Shares of Fossil Group Inc. (NASDAQ:FOSL) plunged 37.6% in the month of May, according to data provided by S&P Global Market Intelligence, after the lifestyle accessories specialist announced disappointing first-quarter 2017 results.
Quarterly revenue declined 11.8% year over year (11% at constant currency) to $581.8 million. That translated to a net loss of $48.2 million, or $1.00 per share, compared to net income of $0.12 per share in the same year-ago period. To be fair, though, those results included a $0.35-per-share restructuring charge, partly offset by non-operating currency hedging gains of $0.11 per share.
Fossil Group CEO Kosta Kartsotis noted the results were "largely in line with our expectations, [and] continue to reflect a challenging retail environment and a watch category undergoing significant change."

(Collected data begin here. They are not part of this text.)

lemma card_diffs_off_line:
  assumes "x \<in> V" "y \<in> V" "w \<in> V" "adj x y" "diffs x w = diffs x y" "w \<noteq> y"
    "u \<in> N x \<inter> N y" "diffs x u \<noteq> diffs x y"
  shows "card (diffs u w) = 3"
proof -
  have u: "u \<in> V" "adj x u" "adj y u"
    using assms(7) by (auto simp: nbrs_def)
  obtain p q k a where pqk: "p \<in> {1..m}" "q \<in> {1..m}" "k \<in> {1..m}" "distinct [p, q, k]"
    and a: "\<not> int n dvd a" and y: "y = shift x p q a" and u_eq: "u = shift x p k a"
    using triangle_turn[OF assms(1,2) u(1) assms(4) u(2,3) assms(8)] by blast
  define b where "b = w p - x p"
  have "diffs x w \<subseteq> {p, q}"
    using assms(5) diffs_shift[OF assms(1) pqk(1,2)] pqk(4) a y by simp
  then have w: "w = shift x p q b"
    using eq_shift_of_diffs_subset[OF assms(1,3) pqk(1,2)] pqk(4) by (simp add: b_def)
  have "p \<in> diffs x w"
    using assms(5) diffs_shift[OF assms(1) pqk(1,2)] pqk(4) a y by simp
  then have "\<not> int n dvd b"
    using mem_diffs_imp_not_dvd assms(1,3) by (simp add: b_def)
  moreover have "\<not> int n dvd (a - b)"
  proof
    assume "int n dvd (a - b)"
    then have "shift x p q a = shift x p q b"
      by (intro translate_cong) (simp add: edge_vec_diff dvd_edge_vec)
    then show False
      using assms(6) w y by simp
  qed
  ultimately have "diffs u w = {p, k, q}"
    unfolding u_eq w diffs_translate using pqk a by (auto simp: edge_vec_def)
  then show ?thesis
    using pqk(4) by simp
qed

lemma line_triangle_of_same_direction:
  assumes "x \<in> V" "y \<in> V" "w \<in> V" "adj x y" "diffs x w = diffs x y" "w \<noteq> y"
  shows "line_triangle V adj x y w"
  unfolding line_triangle_def
proof (intro conjI ballI impI)
  fix u assume u: "u \<in> N x \<inter> N y" "u \<noteq> w" "\<not> adj u w"
  have "diffs x u \<noteq> diffs x y"
    using adj_of_same_direction[of x u w] u assms by (auto simp: nbrs_def)
  then have "card (diffs u w) = 3"
    using card_diffs_off_line assms u(1) by blast
  then show "5 \<le> card (N u \<inter> N w)"
    using card_common_nbrs_ge_6[of u w] u(1) assms(3) by (simp add: nbrs_def)
next
  fix u v assume uv: "u \<in> N x \<inter> N y" "v \<in> N x \<inter> N y" "adj u w" "adj v w" "u \<noteq> v"
  have "diffs x u = diffs x y" "diffs x v = diffs x y"
    by (rule ccontr, use card_diffs_off_line[OF assms] uv in \<open>simp add: adj_iff_card_diffs\<close>)+
  then show "adj u v"
    using adj_of_same_direction[of x u v] uv assms(1) by (auto simp: nbrs_def)
qed

end

locale csr_large = csr +
  assumes m_gt_3: "3 < m" and n_gt_2: "2 < n"
begin

lemma not_dvd_1: "\<not> int n dvd 1"
  using n_gt_2 by (auto dest: zdvd_imp_le)

lemma not_dvd_2: "\<not> int n dvd 2"
  using n_gt_2 by (auto dest: zdvd_imp_le)

lemma not_line_triangle_turn_if_not_dvd_2a:
  assumes "x \<in> V" "p \<in> {1..m}" "q \<in> {1..m}" "k \<in> {1..m}" "distinct [p, q, k]"
    "\<not> int n dvd (2 * a)"
  shows "\<not> line_triangle V adj x (shift x p q a) (shift x p k a)"
proof
  assume lt: "line_triangle V adj x (shift x p q a) (shift x p k a)"
  have a: "\<not> int n dvd a" "\<not> int n dvd (a + a)"
    using assms(6) dvd_mult[of "int n" a 2] by (metis mult_2)+
  obtain l where l: "l \<in> {1..m}" "l \<notin> {p, q, k}"
    using exists_fourth[of "{1..m}" p q k] m_gt_3 by auto
  define y w u where "y = shift x p q a" and "w = shift x p k a" and "u = shift x l q a"
  have V: "y \<in> V" "w \<in> V" "u \<in> V"
    using shift_in_vertices assms(1-4) l(1) by (simp_all add: y_def w_def u_def)
  have "diffs y u = {p, l}"
    unfolding y_def u_def diffs_translate using assms(2-5) l a by (auto simp: edge_vec_def)
  then have u: "u \<in> N x \<inter> N y"
    using adj_shift[OF assms(1) l(1) assms(3)] V l(2) a(1) assms(5)
    by (auto simp: nbrs_def u_def adj_iff_card_diffs)
  have Duw: "diffs u w = {p, q, k, l}"
    unfolding w_def u_def diffs_translate using assms(2-5) l a by (auto simp: edge_vec_def)
  then have "\<not> adj u w" "u \<noteq> w"
    using assms(5) l(2) by (auto simp: adj_iff_card_diffs)
  moreover have "line_triangle V adj x y w"
    using lt by (simp only: y_def w_def)
  ultimately have "5 \<le> card (N u \<inter> N w)"
    using u unfolding line_triangle_def by blast
  moreover have "card (N u \<inter> N w) \<le> 4"
  proof (rule card_common_nbrs_le_4[OF V(3,2) Duw])
    have "int n dvd (\<Sum>t\<in>S. w t - u t) \<longleftrightarrow>
        int n dvd (\<Sum>t\<in>S. edge_vec p k a t - edge_vec l q a t)" if "S \<subseteq> {1..m}" for S
      unfolding w_def u_def using that by (rule dvd_sum_translate_iff)
    note sum_iff = this
    show "\<not> int n dvd (\<Sum>t\<in>{p, q}. w t - u t)"
      using sum_iff[of "{p, q}"] assms(2-6) l a by (simp add: edge_vec_def)
    show "\<not> int n dvd (\<Sum>t\<in>{k, l}. w t - u t)"
      using sum_iff[of "{k, l}"] assms(2-6) l a by (simp add: edge_vec_def)
  qed (use assms(5) l(2) in auto)
  ultimately show False
    by simp
qed

lemma not_line_triangle_turn_if_dvd_2a:
  assumes "x \<in> V" "p \<in> {1..m}" "q \<in> {1..m}" "k \<in> {1..m}" "distinct [p, q, k]"
    "\<not> int n dvd a" "int n dvd (2 * a)"
  shows "\<not> line_triangle V adj x (shift x p q a) (shift x p k a)"
proof
  assume lt: "line_triangle V adj x (shift x p q a) (shift x p k a)"
  have a: "int n dvd (a + a)"
    using assms(7) by (metis mult_2)
  obtain l where l: "l \<in> {1..m}" "l \<notin> {p, q, k}"
    using exists_fourth[of "{1..m}" p q k] m_gt_3 by auto
  define y w u v where "y = shift x p q a" and "w = shift x p k a" and "u = shift x k q a"
    and "v = shift x p l a"
  have V: "y \<in> V" "w \<in> V" "u \<in> V" "v \<in> V"
    using shift_in_vertices assms(1-4) l(1) by (simp_all add: y_def w_def u_def v_def)
  have "diffs y u = {p, k}" "diffs y v = {q, l}"
    unfolding y_def u_def v_def diffs_translate using assms(2-6) l by (auto simp: edge_vec_def)
  then have "u \<in> N x \<inter> N y" "v \<in> N x \<inter> N y"
    using adj_shift[OF assms(1) assms(4,3)] adj_shift[OF assms(1) assms(2) l(1)] V assms(5,6) l(2)
    by (auto simp: nbrs_def u_def v_def adj_iff_card_diffs)
  moreover have "diffs u w = {q, p}" "diffs v w = {l, k}" "diffs u v = {k, q, p, l}"
    unfolding w_def u_def v_def diffs_translate using assms(2-6) l a by (auto simp: edge_vec_def)
  then have "adj u w" "adj v w" "\<not> adj u v" "u \<noteq> v"
    using assms(5) l(2) by (auto simp: adj_iff_card_diffs)
  moreover have "line_triangle V adj x y w"
    using lt by (simp only: y_def w_def)
  ultimately show False
    unfolding line_triangle_def by blast
qed

theorem line_triangle_iff_same_direction:
  assumes "x \<in> V" "y \<in> V" "w \<in> V" "adj x y" "adj x w" "adj y w"
  shows "line_triangle V adj x y w \<longleftrightarrow> diffs x w = diffs x y"
proof
  assume lt: "line_triangle V adj x y w"
  show "diffs x w = diffs x y"
  proof (rule ccontr)
    assume "diffs x w \<noteq> diffs x y"
    then obtain p q k a where "p \<in> {1..m}" "q \<in> {1..m}" "k \<in> {1..m}" "distinct [p, q, k]"
      "\<not> int n dvd a" "y = shift x p q a" "w = shift x p k a"
      using triangle_turn[OF assms] by blast
    then show False
      using lt not_line_triangle_turn_if_not_dvd_2a not_line_triangle_turn_if_dvd_2a assms(1)
      by (cases "int n dvd (2 * a)") auto
  qed
qed (use line_triangle_of_same_direction adj_imp_neq assms in blast)

lemma same_direction_iff_line_triangle:
  assumes "x \<in> V" "y \<in> V" "z \<in> V" "adj x y" "adj x z" "y \<noteq> z"
  shows "diffs x y = diffs x z \<longleftrightarrow> adj y z \<and> line_triangle V adj x y z"
  using line_triangle_iff_same_direction[OF assms(1-5)] adj_of_same_direction[OF assms(1-4) _ assms(6)]
  by metis

section \<open>Functionals on zero-sum vectors\<close>

context
  fixes h :: "nat \<Rightarrow> int \<Rightarrow> int"
  assumes sum_dvd: "\<And>x. x \<in> V \<Longrightarrow> int n dvd (\<Sum>i=1..m. h i (x i))"
    and zero: "\<And>i. i \<in> {1..m} \<Longrightarrow> h i 0 = 0"
    and periodic: "\<And>i t. i \<in> {1..m} \<Longrightarrow> h i (t mod int n) = h i t"
begin

lemma zero_sum_functional_dvd:
  assumes "int n dvd (\<Sum>i=1..m. \<delta> i)" "S \<subseteq> {1..m}" "\<And>i. i \<in> {1..m} \<Longrightarrow> i \<notin> S \<Longrightarrow> \<delta> i = 0"
  shows "int n dvd (\<Sum>i\<in>S. h i (\<delta> i))"
proof -
  have "int n dvd (\<Sum>i=1..m. h i (translate (\<lambda>_. 0) \<delta> i))"
    using sum_dvd translate_in_vertices[OF zero_vertex assms(1)] by blast
  also have "(\<Sum>i=1..m. h i (translate (\<lambda>_. 0) \<delta> i)) = (\<Sum>i=1..m. h i (\<delta> i))"
    using periodic by (intro sum.cong) simp_all
  also have "\<dots> = (\<Sum>i\<in>S. h i (\<delta> i))"
    using assms(2,3) zero by (intro sum.mono_neutral_right) auto
  finally show ?thesis .
qed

To successfully capitalize on that change, Fossil is simultaneously trying to drive growth in its core watch business while moving forward its wearable technology initiatives. To that end, Fossil is on track to launch more than 300 new wearable tech SKUs in 2017 that offer features including slimmer cases, improved functionality, brighter displays, and easier charging. Meanwhile, Fossil is working to reduce costs and improve operating efficiency going forward -- a move Kartsotis insists will leave it "better positioned to improve profitability in a very leverageable business model going forward."
For now, however, this quarterly report represented a painful start to 2017 for Fossil Group. And with plenty of work to do before Fossil Group realizes the fruits of its turnaround efforts, it's hard to blame investors for taking such a big step back last month.